EXCERPTED RECORDS:
● ● ●

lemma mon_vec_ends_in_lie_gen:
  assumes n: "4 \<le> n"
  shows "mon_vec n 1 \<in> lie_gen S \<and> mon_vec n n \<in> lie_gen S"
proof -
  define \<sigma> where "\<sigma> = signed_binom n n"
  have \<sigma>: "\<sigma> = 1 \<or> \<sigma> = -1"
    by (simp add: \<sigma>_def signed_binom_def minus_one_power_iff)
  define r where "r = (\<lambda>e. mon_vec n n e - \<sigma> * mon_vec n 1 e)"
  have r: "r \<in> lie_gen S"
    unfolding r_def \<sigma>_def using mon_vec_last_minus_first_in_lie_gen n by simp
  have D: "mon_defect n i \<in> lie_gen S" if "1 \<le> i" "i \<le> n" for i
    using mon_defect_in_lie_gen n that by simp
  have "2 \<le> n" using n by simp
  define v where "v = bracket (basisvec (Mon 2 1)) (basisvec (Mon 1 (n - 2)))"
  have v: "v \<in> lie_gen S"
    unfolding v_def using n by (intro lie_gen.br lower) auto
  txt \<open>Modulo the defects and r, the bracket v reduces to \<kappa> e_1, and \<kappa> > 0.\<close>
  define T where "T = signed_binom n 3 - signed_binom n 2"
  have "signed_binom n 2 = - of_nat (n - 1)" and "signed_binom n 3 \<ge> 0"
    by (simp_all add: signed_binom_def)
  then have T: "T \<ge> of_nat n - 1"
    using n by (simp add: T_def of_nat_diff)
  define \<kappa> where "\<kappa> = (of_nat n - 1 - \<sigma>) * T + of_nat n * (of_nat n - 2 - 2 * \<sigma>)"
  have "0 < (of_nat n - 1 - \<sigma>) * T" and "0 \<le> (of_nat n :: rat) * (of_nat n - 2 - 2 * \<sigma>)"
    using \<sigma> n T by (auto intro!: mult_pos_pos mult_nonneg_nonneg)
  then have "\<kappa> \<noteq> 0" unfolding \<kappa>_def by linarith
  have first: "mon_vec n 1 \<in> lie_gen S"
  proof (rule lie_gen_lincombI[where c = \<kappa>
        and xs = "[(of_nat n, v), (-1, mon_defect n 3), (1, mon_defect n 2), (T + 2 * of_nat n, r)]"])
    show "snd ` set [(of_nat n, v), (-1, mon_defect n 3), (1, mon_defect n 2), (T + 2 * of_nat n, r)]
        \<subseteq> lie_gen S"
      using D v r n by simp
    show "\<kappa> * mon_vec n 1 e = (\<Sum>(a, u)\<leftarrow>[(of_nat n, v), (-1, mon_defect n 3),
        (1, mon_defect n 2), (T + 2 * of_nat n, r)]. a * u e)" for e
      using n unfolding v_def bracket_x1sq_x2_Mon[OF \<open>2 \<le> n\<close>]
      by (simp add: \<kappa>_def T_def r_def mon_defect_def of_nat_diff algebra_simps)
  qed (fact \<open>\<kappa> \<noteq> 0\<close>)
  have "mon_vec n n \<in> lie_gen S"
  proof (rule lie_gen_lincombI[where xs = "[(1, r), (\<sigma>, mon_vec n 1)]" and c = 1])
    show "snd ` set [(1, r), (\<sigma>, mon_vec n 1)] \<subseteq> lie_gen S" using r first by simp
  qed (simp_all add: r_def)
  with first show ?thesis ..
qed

● ● ●

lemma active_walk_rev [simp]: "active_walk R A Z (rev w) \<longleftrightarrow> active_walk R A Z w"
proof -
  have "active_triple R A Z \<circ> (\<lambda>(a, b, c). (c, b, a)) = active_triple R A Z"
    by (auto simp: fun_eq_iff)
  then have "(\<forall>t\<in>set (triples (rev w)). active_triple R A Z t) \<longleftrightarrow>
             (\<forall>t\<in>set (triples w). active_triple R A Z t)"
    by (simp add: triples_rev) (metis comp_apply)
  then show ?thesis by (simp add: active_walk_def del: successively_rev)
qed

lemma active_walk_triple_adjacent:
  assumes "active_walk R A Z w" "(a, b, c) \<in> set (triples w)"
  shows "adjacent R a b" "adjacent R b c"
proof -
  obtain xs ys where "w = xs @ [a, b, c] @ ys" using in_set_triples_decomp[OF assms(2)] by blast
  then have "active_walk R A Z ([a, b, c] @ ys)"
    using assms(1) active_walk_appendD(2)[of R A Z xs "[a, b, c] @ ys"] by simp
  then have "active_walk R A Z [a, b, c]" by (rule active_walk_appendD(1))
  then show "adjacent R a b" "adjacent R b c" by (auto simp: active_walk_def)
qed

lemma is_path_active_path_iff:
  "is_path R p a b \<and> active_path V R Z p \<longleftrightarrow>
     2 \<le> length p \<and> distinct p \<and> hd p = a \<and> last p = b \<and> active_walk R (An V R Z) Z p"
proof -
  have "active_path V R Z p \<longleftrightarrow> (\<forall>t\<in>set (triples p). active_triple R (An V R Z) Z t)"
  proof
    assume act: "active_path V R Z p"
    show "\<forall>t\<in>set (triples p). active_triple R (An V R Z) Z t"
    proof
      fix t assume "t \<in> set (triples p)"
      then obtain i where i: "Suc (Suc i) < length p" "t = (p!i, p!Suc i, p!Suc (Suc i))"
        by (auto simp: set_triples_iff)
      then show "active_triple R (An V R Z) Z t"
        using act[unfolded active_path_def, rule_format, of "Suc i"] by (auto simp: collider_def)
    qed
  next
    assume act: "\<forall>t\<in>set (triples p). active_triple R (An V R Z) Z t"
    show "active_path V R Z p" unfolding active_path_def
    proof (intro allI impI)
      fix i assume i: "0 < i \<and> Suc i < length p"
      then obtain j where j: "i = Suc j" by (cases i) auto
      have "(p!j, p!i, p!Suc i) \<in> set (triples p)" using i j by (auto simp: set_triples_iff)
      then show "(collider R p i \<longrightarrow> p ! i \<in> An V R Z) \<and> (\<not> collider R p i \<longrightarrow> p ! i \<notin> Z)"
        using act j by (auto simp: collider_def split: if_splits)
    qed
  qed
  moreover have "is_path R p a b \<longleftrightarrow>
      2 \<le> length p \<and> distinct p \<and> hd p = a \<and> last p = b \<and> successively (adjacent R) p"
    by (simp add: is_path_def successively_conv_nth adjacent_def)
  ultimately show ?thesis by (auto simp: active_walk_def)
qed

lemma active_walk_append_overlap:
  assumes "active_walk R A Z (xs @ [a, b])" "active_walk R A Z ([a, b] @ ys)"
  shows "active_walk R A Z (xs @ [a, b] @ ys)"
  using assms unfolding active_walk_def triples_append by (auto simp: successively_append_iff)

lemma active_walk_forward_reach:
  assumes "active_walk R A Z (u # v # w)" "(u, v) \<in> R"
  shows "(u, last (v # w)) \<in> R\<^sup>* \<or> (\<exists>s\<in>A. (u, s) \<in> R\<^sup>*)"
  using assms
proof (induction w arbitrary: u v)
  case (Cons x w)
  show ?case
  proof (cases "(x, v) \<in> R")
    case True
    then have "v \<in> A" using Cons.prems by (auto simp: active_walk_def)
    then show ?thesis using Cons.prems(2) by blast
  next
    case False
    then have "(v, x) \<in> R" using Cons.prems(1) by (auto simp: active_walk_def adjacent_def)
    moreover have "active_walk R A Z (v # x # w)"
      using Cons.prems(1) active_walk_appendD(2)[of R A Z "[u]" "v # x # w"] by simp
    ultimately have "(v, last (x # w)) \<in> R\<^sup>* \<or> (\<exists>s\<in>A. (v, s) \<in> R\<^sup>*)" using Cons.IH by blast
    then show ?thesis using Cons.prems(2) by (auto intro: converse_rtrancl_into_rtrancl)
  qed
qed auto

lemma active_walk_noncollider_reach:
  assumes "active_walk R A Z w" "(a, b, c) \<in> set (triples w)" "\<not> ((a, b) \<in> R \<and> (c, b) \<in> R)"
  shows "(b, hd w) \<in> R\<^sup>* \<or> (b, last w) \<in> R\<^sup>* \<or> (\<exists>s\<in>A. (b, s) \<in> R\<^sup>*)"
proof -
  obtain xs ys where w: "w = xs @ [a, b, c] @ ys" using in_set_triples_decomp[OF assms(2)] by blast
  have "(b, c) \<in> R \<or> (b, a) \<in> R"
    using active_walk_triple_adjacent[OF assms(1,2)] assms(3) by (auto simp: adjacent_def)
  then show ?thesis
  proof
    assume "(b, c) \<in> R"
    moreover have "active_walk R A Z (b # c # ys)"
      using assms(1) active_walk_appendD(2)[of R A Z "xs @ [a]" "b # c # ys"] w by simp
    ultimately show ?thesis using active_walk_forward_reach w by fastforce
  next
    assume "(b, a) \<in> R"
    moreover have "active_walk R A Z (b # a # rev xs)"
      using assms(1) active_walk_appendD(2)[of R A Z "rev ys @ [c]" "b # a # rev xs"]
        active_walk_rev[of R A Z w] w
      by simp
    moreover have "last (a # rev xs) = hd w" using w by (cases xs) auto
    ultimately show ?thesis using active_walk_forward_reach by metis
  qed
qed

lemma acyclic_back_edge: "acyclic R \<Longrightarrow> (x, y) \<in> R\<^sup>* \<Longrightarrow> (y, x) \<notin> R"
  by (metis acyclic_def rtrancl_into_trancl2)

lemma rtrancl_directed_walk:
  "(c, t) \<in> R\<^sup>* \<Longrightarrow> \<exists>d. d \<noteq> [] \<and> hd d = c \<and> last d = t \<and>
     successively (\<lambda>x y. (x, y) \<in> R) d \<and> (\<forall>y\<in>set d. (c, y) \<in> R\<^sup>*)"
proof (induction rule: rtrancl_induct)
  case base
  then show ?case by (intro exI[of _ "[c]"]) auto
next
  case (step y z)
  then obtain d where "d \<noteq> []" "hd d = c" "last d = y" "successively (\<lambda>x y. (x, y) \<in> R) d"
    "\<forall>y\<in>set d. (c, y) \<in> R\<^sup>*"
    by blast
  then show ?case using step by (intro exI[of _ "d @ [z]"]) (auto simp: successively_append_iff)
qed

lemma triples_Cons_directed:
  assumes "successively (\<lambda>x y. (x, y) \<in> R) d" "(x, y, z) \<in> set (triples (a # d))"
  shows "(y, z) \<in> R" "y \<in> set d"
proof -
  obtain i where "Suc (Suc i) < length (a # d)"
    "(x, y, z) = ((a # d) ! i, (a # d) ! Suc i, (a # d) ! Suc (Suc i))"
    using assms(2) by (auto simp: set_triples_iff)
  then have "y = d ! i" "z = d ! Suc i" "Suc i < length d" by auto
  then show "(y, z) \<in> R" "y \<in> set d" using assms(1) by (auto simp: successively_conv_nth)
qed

● ● ●

ASSIGNMENT: Once you find the line with "a b \<longleftrightarrow>" in the entries above, output it and each line after it up to and including the line with "R A Z (u # v", and nothing else.

RESULT BELOW:
  moreover have "is_path R p a b \<longleftrightarrow>
      2 \<le> length p \<and> distinct p \<and> hd p = a \<and> last p = b \<and> successively (adjacent R) p"
    by (simp add: is_path_def successively_conv_nth adjacent_def)
  ultimately show ?thesis by (auto simp: active_walk_def)
qed

lemma active_walk_append_overlap:
  assumes "active_walk R A Z (xs @ [a, b])" "active_walk R A Z ([a, b] @ ys)"
  shows "active_walk R A Z (xs @ [a, b] @ ys)"
  using assms unfolding active_walk_def triples_append by (auto simp: successively_append_iff)

lemma active_walk_forward_reach:
  assumes "active_walk R A Z (u # v # w)" "(u, v) \<in> R"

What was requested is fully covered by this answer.